(* Under the setting below, for all $\mathbf k\neq\mathbf h$ in $(\mathbb Z/p\mathbb Z)^{\mathsf N}$ one has $\langle\mathbf k|\mathbf h\rangle=0$. Moreover there is a constant $C_{\mathsf N}$ (independent of $\mathbf h$) such that for every $\mathbf h=(h_1,\dots,h_{\mathsf N})$ with $h_a\in\{0,\dots,p-1\}$, $$\langle\mathbf h|\mathbf h\rangle=\frac{C_{\mathsf N}\prod_{a=1}^{[\mathsf N]}\prod_{j=1}^{h_a}a(\eta_a^{(j)})/\bar a(\eta_a^{(j-1)})}{\prod_{1\le b<a\le[\mathsf N]}\left(\eta_a^{(h_a)}/\eta_b^{(h_b)}-\eta_b^{(h_b)}/\eta_a^{(h_a)}\right)} .$$ (In particular $\langle\mathbf h|\mathbf h\rangle$ does not depend on $h_{\mathsf N}$ when $\mathsf N$ is even.)
   Context: Fix integers $\mathsf N\ge1$ and $p\ge3$ odd, and $q\in\mathbb C$ with $q^p=1$ and $q^2$ a primitive $p$-th root of unity. Put $\mathtt e_{\mathsf N}=1$ if $\mathsf N$ is even, $\mathtt e_{\mathsf N}=0$ if $\mathsf N$ is odd, and $[\mathsf N]=\mathsf N-\mathtt e_{\mathsf N}$. Let $\mathcal R$ be a finite-dimensional complex vector space, $\mathcal L$ its dual, $\langle\cdot|\cdot\rangle$ the duality pairing, and $\lambda\mapsto\mathsf A(\lambda),\mathsf B(\lambda)$ families of operators on $\mathcal R$ (acting on $\mathcal L$ from the right by transposition); in the paper they are entries of the monodromy matrix $\mathsf M(\lambda)=\mathsf L_{\mathsf N}(\lambda)\cdots\mathsf L_1(\lambda)=\begin{pmatrix}\mathsf A&\mathsf B\\ \mathsf C&\mathsf D\end{pmatrix}$ of the lattice sine-Gordon model with parameters $\kappa_n,\xi_n\neq0$. Let $\eta_1^{(0)},\dots,\eta_{\mathsf N}^{(0)}$ be nonzero complex numbers, $\eta_a^{(h)}=q^h\eta_a^{(0)}$ (depending only on $h$ mod $p$), and assume $(\eta_a^{(h)})^2\ne(\eta_b^{(h')})^2$ for all $a\ne b$ in $\{1,\dots,[\mathsf N]\}$ and all $h,h'$. Let $\textsc k=\prod_{n=1}^{\mathsf N}\kappa_n/i\neq0$, $\mathbf e_a$ the $a$-th unit vector of $(\mathbb Z/p\mathbb Z)^{\mathsf N}$, and for $\mathbf k\in(\mathbb Z/p\mathbb Z)^{\mathsf N}$ put $\mathsf b_{\mathbf k}(\lambda)=\textsc k\,(\eta_{\mathsf N}^{(k_{\mathsf N})})^{\mathtt e_{\mathsf N}}\prod_{a=1}^{[\mathsf N]}(\lambda/\eta_a^{(k_a)}-\eta_a^{(k_a)}/\lambda)$ and $\eta_{\mathbf k,\mathsf A}=\prod_{n=1}^{\mathsf N}\xi_n/\prod_{n=1}^{\mathsf N-1}\eta_n^{(k_n)}$. Let $a,\bar a$ be complex functions with $\bar a(\eta_a^{(j)})\neq0$ for all $a,j$. Left SOV basis: a basis $\{\langle\mathbf k|\}_{\mathbf k\in(\mathbb Z/p\mathbb Z)^{\mathsf N}}$ of $\mathcal L$ with $\langle\mathbf k|\mathsf B(\lambda)=\mathsf b_{\mathbf k}(\lambda)\langle\mathbf k|$ and $$\langle\mathbf k|\mathsf A(\lambda)=\mathtt e_{\mathsf N}\frac{\mathsf b_{\mathbf k}(\lambda)}{\eta_{\mathsf N}^{(k_{\mathsf N})}}\Big(\frac{\lambda}{\eta_{\mathbf k,\mathsf A}}\langle\mathbf k-\mathbf e_{\mathsf N}|-\frac{\eta_{\mathbf k,\mathsf A}}{\lambda}\langle\mathbf k+\mathbf e_{\mathsf N}|\Big)+\sum_{a=1}^{[\mathsf N]}\prod_{b\ne a,\,b\le[\mathsf N]}\frac{\lambda/\eta_b^{(k_b)}-\eta_b^{(k_b)}/\lambda}{\eta_a^{(k_a)}/\eta_b^{(k_b)}-\eta_b^{(k_b)}/\eta_a^{(k_a)}}\,a(\eta_a^{(k_a)})\,\langle\mathbf k-\mathbf e_a|.$$ Right SOV basis: a basis $\{|\mathbf k\rangle\}$ of $\mathcal R$ with $\mathsf B(\lambda)|\mathbf k\rangle=\mathsf b_{\mathbf k}(\lambda)|\mathbf k\rangle$ and $$\mathsf A(\lambda)|\mathbf k\rangle=\mathtt e_{\mathsf N}\frac{\mathsf b_{\mathbf k}(\lambda)}{\eta_{\mathsf N}^{(k_{\mathsf N})}}\Big(\frac{\lambda}{\eta_{\mathbf k,\mathsf A}}|\mathbf k+\mathbf e_{\mathsf N}\rangle-\frac{\eta_{\mathbf k,\mathsf A}}{\lambda}|\mathbf k-\mathbf e_{\mathsf N}\rangle\Big)+\sum_{a=1}^{[\mathsf N]}|\mathbf k+\mathbf e_a\rangle\prod_{b\ne a,\,b\le[\mathsf N]}\frac{\lambda/\eta_b^{(k_b)}-\eta_b^{(k_b)}/\lambda}{\eta_a^{(k_a)}/\eta_b^{(k_b)}-\eta_b^{(k_b)}/\eta_a^{(k_a)}}\,\bar a(\eta_a^{(k_a)}).$$ *)

theory Defs
  imports "HOL-Analysis.Analysis"
begin

definition eN :: "nat \<Rightarrow> nat" where
  "eN N = (if even N then 1 else 0)"

definition brN :: "nat \<Rightarrow> nat" where
  "brN N = N - eN N"

text \<open>(Z/pZ)^N, represented by functions k with k a in {0..p-1} for a in {1..N},
  and k a = 0 outside {1..N}.\<close>
definition sov_idx :: "nat \<Rightarrow> nat \<Rightarrow> (nat \<Rightarrow> nat) set" where
  "sov_idx N p = {k. (\<forall>a\<in>{1..N}. k a < p) \<and> (\<forall>a. a \<notin> {1..N} \<longrightarrow> k a = 0)}"

definition kplus :: "nat \<Rightarrow> (nat \<Rightarrow> nat) \<Rightarrow> nat \<Rightarrow> (nat \<Rightarrow> nat)" where
  "kplus p k a = k(a := (k a + 1) mod p)"

definition kminus :: "nat \<Rightarrow> (nat \<Rightarrow> nat) \<Rightarrow> nat \<Rightarrow> (nat \<Rightarrow> nat)" where
  "kminus p k a = k(a := (k a + p - 1) mod p)"

definition sov_eta :: "complex \<Rightarrow> (nat \<Rightarrow> complex) \<Rightarrow> nat \<Rightarrow> nat \<Rightarrow> complex" where
  "sov_eta q eta0 h a = q ^ h * eta0 a"

definition sov_K :: "nat \<Rightarrow> (nat \<Rightarrow> complex) \<Rightarrow> complex" where
  "sov_K N kappa = (\<Prod>n\<in>{1..N}. kappa n / \<i>)"

definition sov_b :: "nat \<Rightarrow> complex \<Rightarrow> (nat \<Rightarrow> complex) \<Rightarrow> (nat \<Rightarrow> complex)
    \<Rightarrow> (nat \<Rightarrow> nat) \<Rightarrow> complex \<Rightarrow> complex" where
  "sov_b N q eta0 kappa k lam =
     sov_K N kappa * (sov_eta q eta0 (k N) N) ^ eN N *
     (\<Prod>a\<in>{1..brN N}. lam / sov_eta q eta0 (k a) a - sov_eta q eta0 (k a) a / lam)"

definition sov_etaA :: "nat \<Rightarrow> complex \<Rightarrow> (nat \<Rightarrow> complex) \<Rightarrow> (nat \<Rightarrow> complex)
    \<Rightarrow> (nat \<Rightarrow> nat) \<Rightarrow> complex" where
  "sov_etaA N q eta0 xi k =
     (\<Prod>n\<in>{1..N}. xi n) / (\<Prod>n\<in>{1..N-1}. sov_eta q eta0 (k n) n)"

definition sov_coef :: "nat \<Rightarrow> complex \<Rightarrow> (nat \<Rightarrow> complex) \<Rightarrow> (nat \<Rightarrow> nat)
    \<Rightarrow> nat \<Rightarrow> complex \<Rightarrow> complex" where
  "sov_coef N q eta0 k a lam =
     (\<Prod>b\<in>{1..brN N} - {a}.
        (lam / sov_eta q eta0 (k b) b - sov_eta q eta0 (k b) b / lam) /
        (sov_eta q eta0 (k a) a / sov_eta q eta0 (k b) b
           - sov_eta q eta0 (k b) b / sov_eta q eta0 (k a) a))"

text \<open>Duality pairing between L = C^n (row vectors) and R = C^n (column vectors).\<close>
definition pairing :: "complex ^ 'n \<Rightarrow> complex ^ 'n \<Rightarrow> complex" where
  "pairing l v = (\<Sum>i\<in>UNIV. l $ i * v $ i)"

definition is_basis_family :: "'i set \<Rightarrow> ('i \<Rightarrow> complex ^ 'n) \<Rightarrow> bool" where
  "is_basis_family I f \<longleftrightarrow> finite I \<and> card I = CARD('n) \<and>
     (\<forall>c. (\<Sum>k\<in>I. c k *s f k) = 0 \<longrightarrow> (\<forall>k\<in>I. c k = 0))"

end

theory Submission
  imports Defs
begin

text \<open>
  Orthogonality: \<open>\<langle>k|B(\<lambda>)|h\<rangle>\<close> can be evaluated on either side, so
  \<open>(b\<^sub>k(\<lambda>) - b\<^sub>h(\<lambda>)) \<langle>k|h\<rangle> = 0\<close>, and the eigenvalues \<open>b\<^sub>k\<close>, \<open>b\<^sub>h\<close> differ at
  some \<open>\<lambda> \<noteq> 0\<close> whenever \<open>k \<noteq> h\<close>.

  Norms: evaluating \<open>\<langle>k|A(\<lambda>)|k - e\<^sub>c\<rangle>\<close> on both sides and using orthogonality,
  only one term of each expansion survives. For a node \<open>c \<le> [N]\<close> this gives a
  recursion in \<open>k\<^sub>c\<close> for \<open>\<langle>k|k\<rangle>\<close> multiplied by the trigonometric Vandermonde
  product of the nodes; the interpolation denominators are absorbed by that product
  (lemma \<open>vdm_node_factor\<close>). For the extra node \<open>N\<close> (\<open>N\<close> even) one gets
  \<open>\<langle>k|k\<rangle> = \<langle>k - e\<^sub>N|k - e\<^sub>N\<rangle>\<close>. Descending from \<open>h\<close> to \<open>0\<close> yields the formula,
  with \<open>C\<^sub>N\<close> the rescaled norm at \<open>h = 0\<close>.
\<close>

lemma pairing_add_left: "pairing (x + y) z = pairing x z + pairing y z"
  by (simp add: pairing_def distrib_right sum.distrib)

_ASSIGNMENT:_
The answer is a single number: how many lines in the data above hold the string "lemma".

_EXERCISE ANSWER:_
2